■ What the task asks ■
The output should be all lines of the entries below in which the word "TRefn" occurs.

Start of Material provided

text \<open>Constants: true | false | unit | (=_b) | (=_(c,b)).\<close>
datatype const = CTrue | CFalse | CUnit | CEq basic | CEq1 const basic

text \<open>Expressions and types. Variables are de Bruijn indices.
  Binders: Lam t e binds in e; TRefn b r binds in r; TFun tx t binds in t;
  XEq tx t el er e binds (only) in t.\<close>
datatype expr =
    Const const
  | BVar nat
  | App expr expr
  | Lam ty expr
  | BEq basic expr expr expr
  | XEq ty ty expr expr expr
and ty =
    TRefn basic expr
  | TFun ty ty
  | TPEq ty expr expr

primrec lift_e :: "nat \<Rightarrow> expr \<Rightarrow> expr" and lift_t :: "nat \<Rightarrow> ty \<Rightarrow> ty" where
  "lift_e k (Const c) = Const c"
| "lift_e k (BVar i) = (if i < k then BVar i else BVar (Suc i))"
| "lift_e k (App e1 e2) = App (lift_e k e1) (lift_e k e2)"
| "lift_e k (Lam t e) = Lam (lift_t k t) (lift_e (Suc k) e)"
| "lift_e k (BEq b el er e) = BEq b (lift_e k el) (lift_e k er) (lift_e k e)"
| "lift_e k (XEq tx t el er e) =
     XEq (lift_t k tx) (lift_t (Suc k) t) (lift_e k el) (lift_e k er) (lift_e k e)"
| "lift_t k (TRefn b r) = TRefn b (lift_e (Suc k) r)"
| "lift_t k (TFun tx t) = TFun (lift_t k tx) (lift_t (Suc k) t)"
| "lift_t k (TPEq t el er) = TPEq (lift_t k t) (lift_e k el) (lift_e k er)"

End of Material provided

■ Solved exercise ■
  Binders: Lam t e binds in e; TRefn b r binds in r; TFun tx t binds in t;
    TRefn basic expr
| "lift_t k (TRefn b r) = TRefn b (lift_e (Suc k) r)"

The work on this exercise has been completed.